グラスの向こう側(2)


 宿に泊まった翌朝、俺はロベリアを連れて自分の住処へ戻った。ちょっと入り組んだところにある、ボロい建物の一室だ。
 もともとあまり広くはない部屋だったが、カーテンで仕切りを作って2つに分け、一方を俺の部屋、もう一方をロベリアの部屋にした。ベッドとかは後で手に入れてきて据え付た。
 俺達は、このボロ部屋を拠点に仕事を始めた。もちろん、俺にはグループの方の仕事もあったから、週に2、3件のペースだがね。

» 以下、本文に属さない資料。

(* Let $S$ be a finite set of points in the plane and let $\mathcal{F}$ be the family of halfplanes. Then the Delaunay-edges of $S$ with respect to $\mathcal{F}$ can be $2$-colored such that every halfplane that contains at least three Delaunay-edges contains two Delaunay-edges of different colors. Moreover, this statement is false if "three" is replaced by "two": there is a finite point set $S$ in the plane such that for every $2$-coloring of its Delaunay-edges with respect to halfplanes, some halfplane contains at least two Delaunay-edges, all of the same color.
   Context: For a finite point set $S$ and a family of regions $\mathcal{F}$, the Delaunay-edges of $S$ with respect to $\mathcal{F}$ are the $2$-element subsets $\{p,q\}\subseteq S$ for which there is $F\in\mathcal{F}$ with $S\cap F=\{p,q\}$. A region contains a Delaunay-edge if it contains both of its endpoints. *)

theory Defs
  imports Main "HOL.Real"
begin

type_synonym point = "real \<times> real"

definition halfplane :: "point set \<Rightarrow> bool" where
  "halfplane H \<longleftrightarrow> (\<exists>a b c. (a, b) \<noteq> (0::real, 0::real) \<and>
       H = {p. a * fst p + b * snd p \<le> c})"

definition delaunay_edges :: "'a set set \<Rightarrow> 'a set \<Rightarrow> 'a set set" where
  "delaunay_edges F S = {e. \<exists>p q. p \<noteq> q \<and> e = {p, q} \<and> e \<subseteq> S \<and> (\<exists>R\<in>F. S \<inter> R = e)}"

definition halfplanes :: "point set set" where
  "halfplanes = {H. halfplane H}"

end

theory Submission
  imports Defs Complex_Main
begin

text \<open>
  For every Delaunay edge \<open>e\<close> of \<open>S\<close> with respect to halfplanes there is an angle \<open>t\<close> such
  that the two points of \<open>e\<close> are strictly the highest points of \<open>S\<close> in direction \<open>t\<close>. Fix such an angle
  \<open>\<theta> e \<in> [0, 2\<pi>)\<close> for every edge and colour the edges by the parity of the rank of \<open>\<theta> e\<close>.
  Let \<open>H\<close> be a halfplane with inward direction \<open>t\<close>. If an edge inside \<open>H\<close> is on top at an angle
  \<open>k\<close> with \<open>|k - t| < \<pi>\<close>, then every edge on top at an angle between \<open>t\<close> and \<open>k\<close> lies in \<open>H\<close>
  too, because a sinusoid that is positive at two angles less than \<open>\<pi>\<close> apart is positive in
  between. Hence the angles of edges inside and outside \<open>H\<close> cannot alternate around the circle,
  so if \<open>H\<close> contains at least three edges, two of them are adjacent in the order of angles and
  get different colours.

  For the second part, take a convex pentagon: its sides are Delaunay edges, its diagonals are
  not, a halfplane cutting off three consecutive vertices contains exactly two consecutive
  sides, and the 5-cycle of sides has no proper 2-colouring.
\<close>

definition height :: "real \<Rightarrow> point \<Rightarrow> real" where
  "height t p = cos t * fst p + sin t * snd p"

definition top_pair :: "point set \<Rightarrow> real \<Rightarrow> point set \<Rightarrow> bool" where
  "top_pair S t e \<longleftrightarrow> card e = 2 \<and> e \<subseteq> S \<and> (\<forall>p\<in>e. \<forall>r\<in>S - e. height t r < height t p)"

definition inward_direction :: "real \<Rightarrow> point set \<Rightarrow> bool" where
  "inward_direction t H \<longleftrightarrow> (\<forall>p\<in>H. \<forall>r. r \<notin> H \<longrightarrow> height t r < height t p)"

lemma height_periodic: "height (t + 2 * pi * of_int m) p = height t p"
  by (simp add: height_def cos_add sin_add)

lemma top_pair_periodic: "top_pair S (t + 2 * pi * of_int m) e \<longleftrightarrow> top_pair S t e"
  by (simp add: top_pair_def height_periodic)

lemma sinusoid_pos_between:
  fixes A B a b \<gamma> :: real
  assumes "a \<le> \<gamma>" "\<gamma> \<le> b" "b - a < pi"
    and "0 < A * cos a + B * sin a" "0 < A * cos b + B * sin b"
  shows "0 < A * cos \<gamma> + B * sin \<gamma>"
proof (cases "\<gamma> = a")
  case False
  then have "0 < sin (b - a)" "0 < sin (\<gamma> - a)" "0 \<le> sin (b - \<gamma>)"
    using assms by (intro sin_gt_zero sin_ge_zero; simp)+
  moreover have "sin (b - a) * (A * cos \<gamma> + B * sin \<gamma>) =
      sin (b - \<gamma>) * (A * cos a + B * sin a) + sin (\<gamma> - a) * (A * cos b + B * sin b)"
    by (simp add: sin_diff algebra_simps)
  ultimately show ?thesis
    using assms by (metis add_nonneg_pos mult_nonneg_nonneg mult_pos_pos less_imp_le zero_less_mult_pos)
qed (use assms in simp)

lemma height_less_between:
  assumes "a \<le> \<gamma>" "\<gamma> \<le> b" "b - a < pi"
    and "height a x < height a p" "height b x < height b p"
  shows "height \<gamma> x < height \<gamma> p"
proof -
  have diff: "height s p - height s x = (fst p - fst x) * cos s + (snd p - snd x) * sin s" for s
    by (simp add: height_def algebra_simps)
  show ?thesis
    using sinusoid_pos_between[OF assms(1-3), of "fst p - fst x" "snd p - snd x"] assms(4,5)
    unfolding diff[symmetric] by simp
qed

lemma top_pair_unique:
  assumes e: "top_pair S t e" and f: "top_pair S t f"
  shows "e = f"
proof (rule ccontr)
  assume "e \<noteq> f"
  have "finite e" "finite f" "card e = card f"
    using e f unfolding top_pair_def by (auto intro: card_ge_0_finite)
  then have "\<not> e \<subseteq> f" "\<not> f \<subseteq> e"
    using \<open>e \<noteq> f\<close> card_subset_eq by metis+
  then obtain x y where "x \<in> e" "x \<notin> f" "y \<in> f" "y \<notin> e"
    by blast
  then show False
    using e f unfolding top_pair_def by (metis Diff_iff less_asym subsetD)
qed

lemma halfplane_inward_direction:
  assumes "halfplane H"
  obtains t where "0 \<le> t" "t < 2 * pi" "inward_direction t H"
proof -
  obtain a b c where ab: "(a, b) \<noteq> (0, 0)" and H: "H = {p. a * fst p + b * snd p \<le> c}"
    using assms unfolding halfplane_def by blast
  define n where "n = sqrt (a\<^sup>2 + b\<^sup>2)"
  have "0 < a\<^sup>2 + b\<^sup>2"
    using ab by (auto simp: sum_power2_gt_zero_iff)
  then have n: "0 < n" "n\<^sup>2 = a\<^sup>2 + b\<^sup>2"
    unfolding n_def by auto
  then have "(- a / n)\<^sup>2 + (- b / n)\<^sup>2 = 1"
    using ab by (simp add: power_divide add_divide_distrib[symmetric])
  then obtain t where t: "0 \<le> t" "t < 2 * pi" "- a / n = cos t" "- b / n = sin t"
    using sincos_total_2pi by blast
  have "height t x = - (a * fst x + b * snd x) / n" for x
    unfolding height_def t(3,4)[symmetric] using n(1) by (simp add: field_simps)
  then have "inward_direction t H"
    using n(1) unfolding inward_direction_def H by (auto simp: divide_strict_right_mono)
  with t(1,2) show ?thesis
    using that by blast
qed

lemma delaunay_edge_top_pair:
  assumes "e \<in> delaunay_edges halfplanes S"
  shows "\<exists>t. 0 \<le> t \<and> t < 2 * pi \<and> top_pair S t e"
proof -
  obtain p q R where e: "p \<noteq> q" "e = {p, q}" "R \<in> halfplanes" "S \<inter> R = e"
    using assms unfolding delaunay_edges_def by blast
  obtain t where t: "0 \<le> t" "t < 2 * pi" "inward_direction t R"
    using halfplane_inward_direction e(3) unfolding halfplanes_def by blast
  have "top_pair S t e"
    using e t(3) unfolding top_pair_def inward_direction_def by auto
  with t(1,2) show ?thesis
    by blast
qed

definition edge_angle :: "point set \<Rightarrow> point set \<Rightarrow> real" where
  "edge_angle S e = (SOME t. 0 \<le> t \<and> t < 2 * pi \<and> top_pair S t e)"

 最初は、貴族どもの身ぐるみをはがすことから始めた。他のグループの獲物の横取りをしないよう、細心の注意を払った。
 手口は簡単だった。ロベリアに綺麗な身なりをさせ、貴族の乗ってる車に近づけさせる。知ってるかどうか知らないが、ロベリアはものすごい美人なんだぜ。だから、好色な貴族どもは、ロベリアを見るとわざわざ車から降りて話しかけてくる。あとは、ちょいと人気のないところに誘い込んでやって、炎で脅して終わりだ。待ち伏せされてる気配もないから、貴族どもは油断してほいほいとついて来やがる。ちょろいもんだったぜ。
 はじめのうちは上手くいったが、段々と貴族どもに警戒されるようになって、やりにくくなっていった。次に俺たちは、貴族どもの邸宅に忍び込むことを考えた。まず、庭に火を放って、そっちに警備の連中の目を向けさせる。その隙に忍び込んで、金目のものを頂いてく、っていう寸法だ。

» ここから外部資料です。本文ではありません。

lemma qfac_ge_power:
  fixes q B :: real
  assumes q: "0 \<le> q" and Bq: "\<And>i. n0 \<le> i \<Longrightarrow> B \<le> qint q i" and B: "1 \<le> B"
  shows "B ^ d / B ^ n0 \<le> qfac q d"
proof (induction d)
  case 0
  then show ?case
    using B q by (simp add: qfac_def one_le_power)
next
  case (Suc d)
  show ?case
  proof (cases "Suc d \<le> n0")
    case True
    then have "B ^ Suc d / B ^ n0 \<le> 1"
      using B power_increasing[of "Suc d" n0 B] by simp
    also have "1 \<le> qfac q (Suc d)"
      using q by (rule qfac_ge_1)
    finally show ?thesis .
  next
    case False
    have "B ^ Suc d / B ^ n0 = (B ^ d / B ^ n0) * B"
      by (simp add: field_simps)
    also have "\<dots> \<le> qfac q d * qint q (Suc d)"
      using Suc Bq[of "Suc d"] False B q by (intro mult_mono) (auto intro: qfac_pos less_imp_le)
    also have "\<dots> = qfac q (Suc d)"
      by (simp add: qfac_def)
    finally show ?thesis .
  qed
qed

lemma power_div_qfac_le:
  fixes q B lam :: real
  assumes q: "0 \<le> q" and Bq: "\<And>i. n0 \<le> i \<Longrightarrow> B \<le> qint q i" and B: "1 \<le> B" and lam: "0 \<le> lam"
  shows "lam ^ d / qfac q d \<le> B ^ n0 * (lam / B) ^ d"
proof -
  have "0 < B ^ d / B ^ n0"
    using B by simp
  then have "lam ^ d / qfac q d \<le> lam ^ d / (B ^ d / B ^ n0)"
    using qfac_ge_power[of q n0 B d, OF q Bq B] lam
    by (intro divide_left_mono mult_pos_pos) (auto intro: qfac_pos q)
  also have "\<dots> = B ^ n0 * (lam / B) ^ d"
    using B by (simp add: power_divide)
  finally show ?thesis .
qed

 路上で剥ぐよりは効率よく稼げたが、その分リスクも大きかった。何しろ、逃げるタイミングが遅れると警備の連中が戻ってきて捕まる可能性があるからな。万一捕まってもロベリアの方は逃げられるかもしれないが、俺の方はどうなるか分からない。
 さて、ちょっとした出来事があったのは7度目か8度目の侵入盗をやった時だった。こんだけ回数をこなすと、慣れが出てきて、油断しやすくなる。しかも、既に巴里の貴族の間にはこういう手口の侵入盗があるって知られているから、ある程度対策もされている。要するに、捕まりやすくなってるってわけだ。その日の夜、いつも通りロベリアが屋根に登り、侵入しようとしている方向とは逆の方にある庭に火を放った。そうすると、これまたいつも通り夜警の連中がそっちの方へ向かっていった。俺達は邸宅の屋根についている窓に穴を開け、そこから鍵を開けて中に入った。あとは、ほぼ無人の邸内を漁るだけだった。いつもはある程度漁ったらすぐにずらかるんだが、その日はつい調子に乗っちまって、少しずらかるのが遅れた。さらに悪いことに、実はその貴族はご丁寧に屋敷の中にも警備を残していた。そのことに気づづいたのは、囲まれた後だった。俺は、助かる方法を二通り考えた。
 一つは、ロベリアに暴れてもらい、警備どもがロベリアに気を取られている間に逃げ出す方法。
 もう一つは、一度おとなしく捕まったふりをして、隙を見て逃げ出す、というものだった。
 前者なら、俺の方が助かる可能性が高い。相手は銃を持ってはいるが、数は少ない。うまくいけば、無傷で逃げられるだろう。
 後者を選ぶと、俺の方は助かるかどうかはロベリアの気分次第だ。逃げ出すには、ロベリアの力がどうしても必要だからな。だが、こっちなら少なくともロベリアは捕まる可能性が低い。
 何故だろうか、俺は後者を選んだ。馬鹿だと思うだろ?だが不思議と、俺はたとえあの時捕まったとしても、そっちを選んだことを後悔はしなかったと思うさぁ、なぜだろうな。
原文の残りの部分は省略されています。